* **WHAT TO DO**:
Look below for the line containing "Write the solution"; from there, print each line exactly up to and including the line containing "(simp add: algebra_simps)", and stop.

Source records
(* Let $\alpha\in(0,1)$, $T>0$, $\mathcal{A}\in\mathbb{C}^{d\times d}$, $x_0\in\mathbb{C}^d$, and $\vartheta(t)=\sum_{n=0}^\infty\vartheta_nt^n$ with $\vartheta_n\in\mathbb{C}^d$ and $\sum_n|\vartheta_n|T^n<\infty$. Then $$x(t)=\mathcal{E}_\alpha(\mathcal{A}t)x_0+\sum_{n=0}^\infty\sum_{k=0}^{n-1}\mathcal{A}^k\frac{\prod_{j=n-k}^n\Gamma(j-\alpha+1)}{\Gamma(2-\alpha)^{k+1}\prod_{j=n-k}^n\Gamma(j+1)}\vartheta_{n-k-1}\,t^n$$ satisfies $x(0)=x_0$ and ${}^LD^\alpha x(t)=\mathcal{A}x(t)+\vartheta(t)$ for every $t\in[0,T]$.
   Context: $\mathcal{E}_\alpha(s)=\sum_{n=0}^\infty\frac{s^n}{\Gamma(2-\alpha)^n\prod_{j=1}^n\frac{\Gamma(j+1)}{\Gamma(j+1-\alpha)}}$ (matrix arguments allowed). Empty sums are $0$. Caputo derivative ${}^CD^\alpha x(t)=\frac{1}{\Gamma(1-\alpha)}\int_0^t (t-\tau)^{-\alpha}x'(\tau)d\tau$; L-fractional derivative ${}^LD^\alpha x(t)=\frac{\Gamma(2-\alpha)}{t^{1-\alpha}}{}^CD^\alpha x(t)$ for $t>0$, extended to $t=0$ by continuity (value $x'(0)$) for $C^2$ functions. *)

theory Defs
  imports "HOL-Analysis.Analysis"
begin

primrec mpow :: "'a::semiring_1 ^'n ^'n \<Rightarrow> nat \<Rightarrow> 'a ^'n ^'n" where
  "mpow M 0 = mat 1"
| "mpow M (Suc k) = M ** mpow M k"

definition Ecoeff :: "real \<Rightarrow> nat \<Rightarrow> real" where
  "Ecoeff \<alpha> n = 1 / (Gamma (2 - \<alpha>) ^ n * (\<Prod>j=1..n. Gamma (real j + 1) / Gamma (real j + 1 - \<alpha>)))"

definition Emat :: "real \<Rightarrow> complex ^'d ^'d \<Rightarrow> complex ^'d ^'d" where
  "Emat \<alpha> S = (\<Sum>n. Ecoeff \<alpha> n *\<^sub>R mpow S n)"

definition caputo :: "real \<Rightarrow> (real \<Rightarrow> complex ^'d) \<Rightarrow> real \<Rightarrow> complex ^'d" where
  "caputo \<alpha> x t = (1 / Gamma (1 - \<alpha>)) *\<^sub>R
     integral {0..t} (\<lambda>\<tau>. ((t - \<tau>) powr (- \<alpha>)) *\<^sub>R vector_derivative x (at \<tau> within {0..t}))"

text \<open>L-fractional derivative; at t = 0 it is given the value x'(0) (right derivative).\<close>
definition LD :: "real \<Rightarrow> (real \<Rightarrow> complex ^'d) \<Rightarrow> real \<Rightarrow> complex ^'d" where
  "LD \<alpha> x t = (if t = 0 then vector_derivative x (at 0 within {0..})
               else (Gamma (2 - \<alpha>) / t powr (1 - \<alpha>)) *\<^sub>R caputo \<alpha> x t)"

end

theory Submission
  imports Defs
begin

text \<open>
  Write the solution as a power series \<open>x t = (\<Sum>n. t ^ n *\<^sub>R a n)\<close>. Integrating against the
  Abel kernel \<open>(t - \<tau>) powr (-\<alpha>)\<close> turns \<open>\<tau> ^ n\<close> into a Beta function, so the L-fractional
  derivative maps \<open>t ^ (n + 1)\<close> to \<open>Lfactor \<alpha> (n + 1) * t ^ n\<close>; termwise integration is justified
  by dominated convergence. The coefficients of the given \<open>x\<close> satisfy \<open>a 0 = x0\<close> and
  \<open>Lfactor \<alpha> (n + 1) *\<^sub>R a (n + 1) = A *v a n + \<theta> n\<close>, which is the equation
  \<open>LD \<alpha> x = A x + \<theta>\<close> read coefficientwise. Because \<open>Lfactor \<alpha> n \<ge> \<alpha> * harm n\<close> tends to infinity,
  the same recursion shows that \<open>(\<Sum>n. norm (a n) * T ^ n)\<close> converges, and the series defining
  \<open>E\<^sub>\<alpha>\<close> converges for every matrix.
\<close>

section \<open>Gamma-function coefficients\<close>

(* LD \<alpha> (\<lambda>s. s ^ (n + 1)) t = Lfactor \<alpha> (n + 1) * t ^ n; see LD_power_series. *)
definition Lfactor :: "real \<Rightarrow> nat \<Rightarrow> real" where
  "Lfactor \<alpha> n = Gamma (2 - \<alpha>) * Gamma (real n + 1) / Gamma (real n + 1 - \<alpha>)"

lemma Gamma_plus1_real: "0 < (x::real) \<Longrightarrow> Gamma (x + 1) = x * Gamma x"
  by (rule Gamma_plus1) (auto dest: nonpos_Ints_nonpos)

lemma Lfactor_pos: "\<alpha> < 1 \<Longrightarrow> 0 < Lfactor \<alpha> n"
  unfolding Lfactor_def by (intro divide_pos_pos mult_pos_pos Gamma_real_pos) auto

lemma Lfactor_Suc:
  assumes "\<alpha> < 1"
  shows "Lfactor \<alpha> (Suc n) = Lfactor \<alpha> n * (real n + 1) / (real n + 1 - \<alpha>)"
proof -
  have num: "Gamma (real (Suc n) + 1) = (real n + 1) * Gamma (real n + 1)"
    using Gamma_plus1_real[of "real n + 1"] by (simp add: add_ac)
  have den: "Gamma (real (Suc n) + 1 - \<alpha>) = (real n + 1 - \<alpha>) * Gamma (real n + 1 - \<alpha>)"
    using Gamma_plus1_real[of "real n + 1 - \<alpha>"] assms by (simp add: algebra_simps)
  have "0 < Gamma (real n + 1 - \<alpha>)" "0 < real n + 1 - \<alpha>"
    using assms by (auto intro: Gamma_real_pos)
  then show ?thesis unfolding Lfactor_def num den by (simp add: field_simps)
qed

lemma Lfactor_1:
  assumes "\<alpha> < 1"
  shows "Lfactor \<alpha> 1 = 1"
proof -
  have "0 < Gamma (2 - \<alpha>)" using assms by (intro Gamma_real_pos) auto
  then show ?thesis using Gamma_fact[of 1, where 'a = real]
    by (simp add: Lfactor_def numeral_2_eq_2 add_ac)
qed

* **ANSWER TO THE EXERCISE**:
  Write the solution as a power series \<open>x t = (\<Sum>n. t ^ n *\<^sub>R a n)\<close>. Integrating against the
  Abel kernel \<open>(t - \<tau>) powr (-\<alpha>)\<close> turns \<open>\<tau> ^ n\<close> into a Beta function, so the L-fractional
  derivative maps \<open>t ^ (n + 1)\<close> to \<open>Lfactor \<alpha> (n + 1) * t ^ n\<close>; termwise integration is justified
  by dominated convergence. The coefficients of the given \<open>x\<close> satisfy \<open>a 0 = x0\<close> and
  \<open>Lfactor \<alpha> (n + 1) *\<^sub>R a (n + 1) = A *v a n + \<theta> n\<close>, which is the equation
  \<open>LD \<alpha> x = A x + \<theta>\<close> read coefficientwise. Because \<open>Lfactor \<alpha> n \<ge> \<alpha> * harm n\<close> tends to infinity,
  the same recursion shows that \<open>(\<Sum>n. norm (a n) * T ^ n)\<close> converges, and the series defining
  \<open>E\<^sub>\<alpha>\<close> converges for every matrix.
\<close>

section \<open>Gamma-function coefficients\<close>

(* LD \<alpha> (\<lambda>s. s ^ (n + 1)) t = Lfactor \<alpha> (n + 1) * t ^ n; see LD_power_series. *)
definition Lfactor :: "real \<Rightarrow> nat \<Rightarrow> real" where
  "Lfactor \<alpha> n = Gamma (2 - \<alpha>) * Gamma (real n + 1) / Gamma (real n + 1 - \<alpha>)"

lemma Gamma_plus1_real: "0 < (x::real) \<Longrightarrow> Gamma (x + 1) = x * Gamma x"
  by (rule Gamma_plus1) (auto dest: nonpos_Ints_nonpos)

lemma Lfactor_pos: "\<alpha> < 1 \<Longrightarrow> 0 < Lfactor \<alpha> n"
  unfolding Lfactor_def by (intro divide_pos_pos mult_pos_pos Gamma_real_pos) auto

lemma Lfactor_Suc:
  assumes "\<alpha> < 1"
  shows "Lfactor \<alpha> (Suc n) = Lfactor \<alpha> n * (real n + 1) / (real n + 1 - \<alpha>)"
proof -
  have num: "Gamma (real (Suc n) + 1) = (real n + 1) * Gamma (real n + 1)"
    using Gamma_plus1_real[of "real n + 1"] by (simp add: add_ac)
  have den: "Gamma (real (Suc n) + 1 - \<alpha>) = (real n + 1 - \<alpha>) * Gamma (real n + 1 - \<alpha>)"
    using Gamma_plus1_real[of "real n + 1 - \<alpha>"] assms by (simp add: algebra_simps)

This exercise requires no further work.